Stored items

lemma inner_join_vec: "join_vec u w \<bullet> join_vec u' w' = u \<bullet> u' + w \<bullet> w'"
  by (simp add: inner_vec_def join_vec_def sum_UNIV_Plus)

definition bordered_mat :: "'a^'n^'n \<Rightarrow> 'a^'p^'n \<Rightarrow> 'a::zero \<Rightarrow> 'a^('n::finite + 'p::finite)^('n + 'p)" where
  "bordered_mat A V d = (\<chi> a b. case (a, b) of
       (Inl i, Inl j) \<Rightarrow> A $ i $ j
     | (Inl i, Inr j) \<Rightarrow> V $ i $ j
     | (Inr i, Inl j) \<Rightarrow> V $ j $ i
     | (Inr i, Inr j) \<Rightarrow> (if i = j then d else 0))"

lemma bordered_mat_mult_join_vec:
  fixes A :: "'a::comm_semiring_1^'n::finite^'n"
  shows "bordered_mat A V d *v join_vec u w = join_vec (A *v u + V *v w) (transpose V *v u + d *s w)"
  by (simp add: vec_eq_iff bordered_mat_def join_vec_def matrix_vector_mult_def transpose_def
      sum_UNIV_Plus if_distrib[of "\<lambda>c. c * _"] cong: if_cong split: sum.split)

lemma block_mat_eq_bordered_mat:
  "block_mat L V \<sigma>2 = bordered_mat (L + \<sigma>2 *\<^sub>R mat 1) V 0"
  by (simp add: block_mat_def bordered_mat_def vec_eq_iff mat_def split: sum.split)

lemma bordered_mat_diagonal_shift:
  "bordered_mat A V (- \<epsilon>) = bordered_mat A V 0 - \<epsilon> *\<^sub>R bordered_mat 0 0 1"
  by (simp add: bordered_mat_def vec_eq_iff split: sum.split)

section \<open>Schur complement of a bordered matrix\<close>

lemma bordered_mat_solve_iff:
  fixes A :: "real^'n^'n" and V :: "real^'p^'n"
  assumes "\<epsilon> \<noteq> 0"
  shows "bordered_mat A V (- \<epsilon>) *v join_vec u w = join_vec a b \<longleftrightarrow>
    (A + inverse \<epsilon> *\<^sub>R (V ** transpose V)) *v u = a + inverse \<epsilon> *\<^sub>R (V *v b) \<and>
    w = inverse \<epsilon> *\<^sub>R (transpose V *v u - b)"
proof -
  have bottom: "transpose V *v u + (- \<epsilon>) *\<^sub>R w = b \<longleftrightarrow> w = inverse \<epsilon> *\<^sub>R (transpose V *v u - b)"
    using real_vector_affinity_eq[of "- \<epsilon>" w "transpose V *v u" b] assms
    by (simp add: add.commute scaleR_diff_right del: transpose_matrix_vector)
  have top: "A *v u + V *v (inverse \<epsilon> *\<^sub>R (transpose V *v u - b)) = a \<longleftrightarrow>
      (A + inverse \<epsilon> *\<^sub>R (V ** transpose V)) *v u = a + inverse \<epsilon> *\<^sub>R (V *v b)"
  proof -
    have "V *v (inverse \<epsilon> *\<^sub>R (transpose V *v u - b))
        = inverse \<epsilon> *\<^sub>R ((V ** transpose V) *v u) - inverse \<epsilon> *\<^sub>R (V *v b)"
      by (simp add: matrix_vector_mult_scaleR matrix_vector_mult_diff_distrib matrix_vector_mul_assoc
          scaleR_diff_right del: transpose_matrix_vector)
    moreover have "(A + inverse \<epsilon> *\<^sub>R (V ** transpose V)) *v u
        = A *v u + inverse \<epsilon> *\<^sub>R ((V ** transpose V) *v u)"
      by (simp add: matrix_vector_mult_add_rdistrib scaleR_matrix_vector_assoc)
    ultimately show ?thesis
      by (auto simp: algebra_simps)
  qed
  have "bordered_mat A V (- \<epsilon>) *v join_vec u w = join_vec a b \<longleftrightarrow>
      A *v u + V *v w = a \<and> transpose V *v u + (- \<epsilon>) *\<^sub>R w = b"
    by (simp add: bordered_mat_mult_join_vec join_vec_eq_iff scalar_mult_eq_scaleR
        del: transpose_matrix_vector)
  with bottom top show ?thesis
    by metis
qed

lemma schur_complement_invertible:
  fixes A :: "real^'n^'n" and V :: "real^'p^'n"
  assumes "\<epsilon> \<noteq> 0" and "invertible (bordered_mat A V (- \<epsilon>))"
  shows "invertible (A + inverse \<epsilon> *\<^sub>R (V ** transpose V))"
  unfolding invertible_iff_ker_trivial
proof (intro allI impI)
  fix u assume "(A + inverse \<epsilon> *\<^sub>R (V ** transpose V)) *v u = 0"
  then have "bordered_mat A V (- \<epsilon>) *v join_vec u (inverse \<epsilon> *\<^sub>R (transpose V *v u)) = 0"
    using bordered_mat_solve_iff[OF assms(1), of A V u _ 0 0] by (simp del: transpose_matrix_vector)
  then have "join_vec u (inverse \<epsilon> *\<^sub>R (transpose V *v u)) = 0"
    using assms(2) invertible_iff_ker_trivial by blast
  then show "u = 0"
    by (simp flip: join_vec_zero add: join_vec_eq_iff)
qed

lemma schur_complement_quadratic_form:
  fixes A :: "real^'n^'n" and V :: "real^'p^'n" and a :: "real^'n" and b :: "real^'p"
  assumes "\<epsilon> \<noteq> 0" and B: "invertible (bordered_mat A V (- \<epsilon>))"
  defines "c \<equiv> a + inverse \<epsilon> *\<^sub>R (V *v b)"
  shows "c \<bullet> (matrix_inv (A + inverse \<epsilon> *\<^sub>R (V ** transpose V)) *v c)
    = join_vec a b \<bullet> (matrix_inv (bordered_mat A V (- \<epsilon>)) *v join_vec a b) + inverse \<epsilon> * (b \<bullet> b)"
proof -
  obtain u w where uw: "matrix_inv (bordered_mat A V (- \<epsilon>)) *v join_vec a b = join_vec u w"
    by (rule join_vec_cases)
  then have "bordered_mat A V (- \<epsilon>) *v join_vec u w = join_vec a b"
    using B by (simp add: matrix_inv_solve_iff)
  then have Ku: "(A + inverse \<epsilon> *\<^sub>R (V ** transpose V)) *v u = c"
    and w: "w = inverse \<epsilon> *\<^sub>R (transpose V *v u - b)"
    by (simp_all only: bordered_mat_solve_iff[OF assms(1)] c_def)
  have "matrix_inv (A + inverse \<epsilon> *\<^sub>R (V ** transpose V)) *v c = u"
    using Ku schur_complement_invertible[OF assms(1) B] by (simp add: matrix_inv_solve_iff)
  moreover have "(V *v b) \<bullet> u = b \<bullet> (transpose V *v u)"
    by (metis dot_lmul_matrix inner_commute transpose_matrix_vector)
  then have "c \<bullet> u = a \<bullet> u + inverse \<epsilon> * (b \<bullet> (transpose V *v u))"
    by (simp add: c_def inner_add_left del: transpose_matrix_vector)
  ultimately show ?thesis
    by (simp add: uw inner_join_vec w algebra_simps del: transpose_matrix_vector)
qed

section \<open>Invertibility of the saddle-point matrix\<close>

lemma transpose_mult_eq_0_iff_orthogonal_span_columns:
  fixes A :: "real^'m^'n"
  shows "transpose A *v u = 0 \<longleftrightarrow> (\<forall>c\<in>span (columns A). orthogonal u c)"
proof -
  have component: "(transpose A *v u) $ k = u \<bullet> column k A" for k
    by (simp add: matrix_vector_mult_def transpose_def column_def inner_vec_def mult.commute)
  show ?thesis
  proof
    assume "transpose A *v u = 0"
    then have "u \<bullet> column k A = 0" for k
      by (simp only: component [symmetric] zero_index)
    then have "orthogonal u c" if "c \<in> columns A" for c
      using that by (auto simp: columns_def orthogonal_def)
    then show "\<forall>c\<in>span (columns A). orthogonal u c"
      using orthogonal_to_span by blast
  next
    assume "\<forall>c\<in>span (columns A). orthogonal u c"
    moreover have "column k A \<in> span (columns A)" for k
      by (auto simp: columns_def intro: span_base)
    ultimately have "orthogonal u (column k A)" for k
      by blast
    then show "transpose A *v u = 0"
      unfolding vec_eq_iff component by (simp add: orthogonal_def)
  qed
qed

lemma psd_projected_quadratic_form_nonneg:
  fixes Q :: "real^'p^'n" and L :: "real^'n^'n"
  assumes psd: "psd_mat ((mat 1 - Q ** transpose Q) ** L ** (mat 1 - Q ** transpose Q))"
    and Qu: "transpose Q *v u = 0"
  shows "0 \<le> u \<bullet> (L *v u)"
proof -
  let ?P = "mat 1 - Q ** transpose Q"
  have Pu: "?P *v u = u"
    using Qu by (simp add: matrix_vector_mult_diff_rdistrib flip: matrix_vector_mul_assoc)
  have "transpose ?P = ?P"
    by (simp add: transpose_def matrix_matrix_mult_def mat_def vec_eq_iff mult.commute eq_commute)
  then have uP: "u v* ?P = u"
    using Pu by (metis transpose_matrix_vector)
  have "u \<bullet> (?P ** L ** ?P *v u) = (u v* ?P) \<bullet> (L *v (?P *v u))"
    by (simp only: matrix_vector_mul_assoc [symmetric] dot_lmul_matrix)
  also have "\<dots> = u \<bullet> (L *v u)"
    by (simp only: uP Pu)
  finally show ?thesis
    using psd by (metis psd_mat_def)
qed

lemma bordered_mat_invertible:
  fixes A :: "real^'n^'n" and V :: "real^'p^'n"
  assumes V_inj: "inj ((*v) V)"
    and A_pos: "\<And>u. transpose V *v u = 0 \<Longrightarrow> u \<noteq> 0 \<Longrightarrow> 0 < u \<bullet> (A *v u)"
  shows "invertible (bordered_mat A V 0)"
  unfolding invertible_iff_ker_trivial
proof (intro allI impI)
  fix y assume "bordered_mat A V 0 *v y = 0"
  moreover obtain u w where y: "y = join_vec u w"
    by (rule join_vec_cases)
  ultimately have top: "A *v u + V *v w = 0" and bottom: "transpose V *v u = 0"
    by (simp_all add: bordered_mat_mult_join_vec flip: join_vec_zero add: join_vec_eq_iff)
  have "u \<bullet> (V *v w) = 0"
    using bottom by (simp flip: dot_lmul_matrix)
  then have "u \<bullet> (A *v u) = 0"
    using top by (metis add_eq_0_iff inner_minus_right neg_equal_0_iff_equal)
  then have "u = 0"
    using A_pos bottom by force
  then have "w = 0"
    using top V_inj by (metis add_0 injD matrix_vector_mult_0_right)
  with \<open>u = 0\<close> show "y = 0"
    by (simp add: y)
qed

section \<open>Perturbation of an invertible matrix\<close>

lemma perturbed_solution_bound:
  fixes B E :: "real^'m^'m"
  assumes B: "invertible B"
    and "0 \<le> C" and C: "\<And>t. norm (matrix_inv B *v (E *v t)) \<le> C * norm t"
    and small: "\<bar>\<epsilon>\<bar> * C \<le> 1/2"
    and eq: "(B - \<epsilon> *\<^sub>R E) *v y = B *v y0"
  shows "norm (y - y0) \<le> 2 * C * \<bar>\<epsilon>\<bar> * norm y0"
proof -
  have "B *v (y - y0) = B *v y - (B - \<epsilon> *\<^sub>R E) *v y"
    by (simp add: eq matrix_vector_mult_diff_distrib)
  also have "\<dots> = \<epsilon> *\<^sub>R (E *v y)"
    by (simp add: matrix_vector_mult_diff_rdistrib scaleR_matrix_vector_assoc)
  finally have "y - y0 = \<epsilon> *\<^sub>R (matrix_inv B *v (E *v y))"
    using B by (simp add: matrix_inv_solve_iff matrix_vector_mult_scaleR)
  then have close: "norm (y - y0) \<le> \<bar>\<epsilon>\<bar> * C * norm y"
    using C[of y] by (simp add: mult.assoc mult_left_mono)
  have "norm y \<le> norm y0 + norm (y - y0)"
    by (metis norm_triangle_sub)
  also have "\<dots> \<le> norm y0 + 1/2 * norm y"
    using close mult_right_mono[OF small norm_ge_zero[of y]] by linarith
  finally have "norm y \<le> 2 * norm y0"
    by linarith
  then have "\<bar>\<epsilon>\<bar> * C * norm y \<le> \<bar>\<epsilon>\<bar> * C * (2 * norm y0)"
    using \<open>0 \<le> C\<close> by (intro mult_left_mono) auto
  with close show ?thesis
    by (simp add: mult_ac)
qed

--

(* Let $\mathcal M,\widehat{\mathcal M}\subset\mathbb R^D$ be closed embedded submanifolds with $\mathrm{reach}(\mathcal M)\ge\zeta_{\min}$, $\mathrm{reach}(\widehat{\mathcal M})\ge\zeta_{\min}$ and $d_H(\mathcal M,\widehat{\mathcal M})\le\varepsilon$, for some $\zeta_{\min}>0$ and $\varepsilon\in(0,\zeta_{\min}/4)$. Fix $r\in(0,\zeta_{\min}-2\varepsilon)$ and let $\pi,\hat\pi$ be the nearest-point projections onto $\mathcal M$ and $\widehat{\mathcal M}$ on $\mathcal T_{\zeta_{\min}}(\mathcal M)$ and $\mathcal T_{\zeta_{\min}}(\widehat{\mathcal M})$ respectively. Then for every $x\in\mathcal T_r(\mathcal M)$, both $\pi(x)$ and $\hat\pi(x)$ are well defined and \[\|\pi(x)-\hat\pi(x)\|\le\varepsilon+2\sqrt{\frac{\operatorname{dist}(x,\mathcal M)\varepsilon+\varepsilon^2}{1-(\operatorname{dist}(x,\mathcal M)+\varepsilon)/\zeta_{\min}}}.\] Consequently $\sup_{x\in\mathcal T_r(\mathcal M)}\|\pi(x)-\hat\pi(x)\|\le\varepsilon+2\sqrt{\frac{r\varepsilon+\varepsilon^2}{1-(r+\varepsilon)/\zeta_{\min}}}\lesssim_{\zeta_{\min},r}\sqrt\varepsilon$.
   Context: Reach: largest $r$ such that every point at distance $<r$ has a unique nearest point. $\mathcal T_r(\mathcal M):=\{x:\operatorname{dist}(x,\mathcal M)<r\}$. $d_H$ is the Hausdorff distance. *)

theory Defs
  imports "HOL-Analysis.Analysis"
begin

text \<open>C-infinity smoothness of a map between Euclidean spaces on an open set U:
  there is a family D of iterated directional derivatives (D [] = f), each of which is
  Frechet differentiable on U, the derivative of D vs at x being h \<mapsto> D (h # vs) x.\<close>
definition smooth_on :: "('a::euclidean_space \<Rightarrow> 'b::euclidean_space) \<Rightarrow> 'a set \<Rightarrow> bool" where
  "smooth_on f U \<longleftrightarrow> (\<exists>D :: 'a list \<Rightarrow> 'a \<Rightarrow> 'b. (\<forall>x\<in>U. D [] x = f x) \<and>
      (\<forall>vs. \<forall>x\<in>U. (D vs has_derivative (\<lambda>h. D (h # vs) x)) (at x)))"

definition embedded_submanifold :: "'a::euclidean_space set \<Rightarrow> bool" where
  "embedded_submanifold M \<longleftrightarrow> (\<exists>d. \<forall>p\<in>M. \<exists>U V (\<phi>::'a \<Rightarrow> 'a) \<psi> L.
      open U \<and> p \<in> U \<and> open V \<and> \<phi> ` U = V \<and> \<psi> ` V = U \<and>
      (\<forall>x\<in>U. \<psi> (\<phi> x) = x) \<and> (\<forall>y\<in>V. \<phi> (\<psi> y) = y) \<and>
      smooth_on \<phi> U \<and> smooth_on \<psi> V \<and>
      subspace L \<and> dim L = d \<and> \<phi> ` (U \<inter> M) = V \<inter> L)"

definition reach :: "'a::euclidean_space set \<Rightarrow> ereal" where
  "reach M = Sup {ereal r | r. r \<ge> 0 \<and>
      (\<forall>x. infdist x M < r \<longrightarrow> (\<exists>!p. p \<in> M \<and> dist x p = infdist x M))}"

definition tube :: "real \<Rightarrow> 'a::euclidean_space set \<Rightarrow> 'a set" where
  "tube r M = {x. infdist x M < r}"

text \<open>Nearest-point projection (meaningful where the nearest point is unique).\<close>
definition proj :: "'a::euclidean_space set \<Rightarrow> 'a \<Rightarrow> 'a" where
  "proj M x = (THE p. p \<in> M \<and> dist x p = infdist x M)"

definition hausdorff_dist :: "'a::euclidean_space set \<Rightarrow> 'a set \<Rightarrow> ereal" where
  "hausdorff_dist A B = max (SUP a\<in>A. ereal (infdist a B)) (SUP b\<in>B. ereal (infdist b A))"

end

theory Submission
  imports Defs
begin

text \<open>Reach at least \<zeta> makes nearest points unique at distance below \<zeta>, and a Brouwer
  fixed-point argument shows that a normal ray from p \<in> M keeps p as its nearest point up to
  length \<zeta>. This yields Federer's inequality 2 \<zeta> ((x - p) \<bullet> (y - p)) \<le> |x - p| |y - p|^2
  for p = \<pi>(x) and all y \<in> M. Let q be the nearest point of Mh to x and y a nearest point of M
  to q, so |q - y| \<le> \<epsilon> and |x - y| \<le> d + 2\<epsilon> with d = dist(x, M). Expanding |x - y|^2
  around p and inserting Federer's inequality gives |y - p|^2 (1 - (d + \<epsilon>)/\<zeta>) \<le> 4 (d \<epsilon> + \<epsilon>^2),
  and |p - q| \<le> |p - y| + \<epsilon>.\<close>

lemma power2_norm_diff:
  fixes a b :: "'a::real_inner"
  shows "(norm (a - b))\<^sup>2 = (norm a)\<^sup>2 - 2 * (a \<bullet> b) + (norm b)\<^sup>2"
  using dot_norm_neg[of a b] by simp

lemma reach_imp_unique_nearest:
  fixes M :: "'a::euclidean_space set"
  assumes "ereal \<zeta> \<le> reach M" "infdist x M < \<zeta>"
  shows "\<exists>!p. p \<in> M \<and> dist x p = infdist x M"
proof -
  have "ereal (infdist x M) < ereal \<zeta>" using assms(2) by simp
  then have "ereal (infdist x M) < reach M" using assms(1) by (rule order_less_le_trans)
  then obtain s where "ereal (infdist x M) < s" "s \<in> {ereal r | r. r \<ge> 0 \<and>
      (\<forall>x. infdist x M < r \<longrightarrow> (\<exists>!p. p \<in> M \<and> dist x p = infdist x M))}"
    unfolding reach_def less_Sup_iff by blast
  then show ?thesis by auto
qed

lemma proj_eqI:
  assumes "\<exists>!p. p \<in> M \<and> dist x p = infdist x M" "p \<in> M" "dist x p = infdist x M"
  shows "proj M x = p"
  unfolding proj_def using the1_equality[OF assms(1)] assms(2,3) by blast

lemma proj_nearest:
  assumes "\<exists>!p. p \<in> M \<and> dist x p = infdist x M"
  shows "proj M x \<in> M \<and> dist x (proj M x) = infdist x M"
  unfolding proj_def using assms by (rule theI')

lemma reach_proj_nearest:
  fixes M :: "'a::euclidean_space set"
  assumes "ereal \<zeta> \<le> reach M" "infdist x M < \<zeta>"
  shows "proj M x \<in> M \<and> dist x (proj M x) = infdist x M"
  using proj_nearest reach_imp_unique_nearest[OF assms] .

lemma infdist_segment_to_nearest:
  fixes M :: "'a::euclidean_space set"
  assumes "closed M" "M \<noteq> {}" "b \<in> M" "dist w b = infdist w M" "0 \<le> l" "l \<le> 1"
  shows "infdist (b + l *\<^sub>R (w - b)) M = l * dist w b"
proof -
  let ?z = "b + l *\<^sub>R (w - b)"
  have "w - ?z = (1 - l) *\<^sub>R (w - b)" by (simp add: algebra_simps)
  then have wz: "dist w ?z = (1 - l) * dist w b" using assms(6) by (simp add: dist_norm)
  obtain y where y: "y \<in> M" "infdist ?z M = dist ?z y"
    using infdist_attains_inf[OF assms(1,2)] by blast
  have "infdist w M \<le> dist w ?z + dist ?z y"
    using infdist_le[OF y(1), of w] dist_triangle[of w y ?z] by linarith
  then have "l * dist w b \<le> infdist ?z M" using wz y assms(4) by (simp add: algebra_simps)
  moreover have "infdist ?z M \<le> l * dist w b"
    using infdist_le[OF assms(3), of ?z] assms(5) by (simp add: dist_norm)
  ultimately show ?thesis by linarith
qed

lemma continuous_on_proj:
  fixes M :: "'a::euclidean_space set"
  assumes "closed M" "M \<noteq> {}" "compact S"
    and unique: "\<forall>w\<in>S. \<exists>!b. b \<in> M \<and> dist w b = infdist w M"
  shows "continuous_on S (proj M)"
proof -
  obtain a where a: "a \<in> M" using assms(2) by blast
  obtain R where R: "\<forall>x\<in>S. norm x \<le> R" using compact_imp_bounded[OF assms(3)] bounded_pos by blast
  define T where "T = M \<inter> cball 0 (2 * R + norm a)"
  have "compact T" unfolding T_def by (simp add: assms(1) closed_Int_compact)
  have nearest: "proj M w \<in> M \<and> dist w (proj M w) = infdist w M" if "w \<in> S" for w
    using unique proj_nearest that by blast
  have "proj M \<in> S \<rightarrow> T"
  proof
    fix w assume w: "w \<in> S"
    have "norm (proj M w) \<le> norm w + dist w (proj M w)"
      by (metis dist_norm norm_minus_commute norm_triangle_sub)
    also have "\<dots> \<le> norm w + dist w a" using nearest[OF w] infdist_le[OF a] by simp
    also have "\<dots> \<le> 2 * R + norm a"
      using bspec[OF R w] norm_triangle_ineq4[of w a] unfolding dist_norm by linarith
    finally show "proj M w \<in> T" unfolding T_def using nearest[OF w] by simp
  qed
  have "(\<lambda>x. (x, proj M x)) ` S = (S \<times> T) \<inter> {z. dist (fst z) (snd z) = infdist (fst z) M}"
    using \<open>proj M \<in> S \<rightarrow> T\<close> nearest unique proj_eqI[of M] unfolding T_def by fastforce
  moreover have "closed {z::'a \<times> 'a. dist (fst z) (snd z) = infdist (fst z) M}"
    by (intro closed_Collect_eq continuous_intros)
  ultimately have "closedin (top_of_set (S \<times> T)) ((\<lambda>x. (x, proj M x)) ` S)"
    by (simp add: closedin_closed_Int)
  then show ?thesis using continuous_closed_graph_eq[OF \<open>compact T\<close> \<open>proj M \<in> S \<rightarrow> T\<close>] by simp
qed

Task prompt
If a line in the records contains the string "ultimately", copy it out.

Answer box
    ultimately show ?thesis
  ultimately show ?thesis
    ultimately have "orthogonal u (column k A)" for k
  ultimately have top: "A *v u + V *v w = 0" and bottom: "transpose V *v u = 0"
  ultimately show ?thesis by linarith
  ultimately have "closedin (top_of_set (S \<times> T)) ((\<lambda>x. (x, proj M x)) ` S)"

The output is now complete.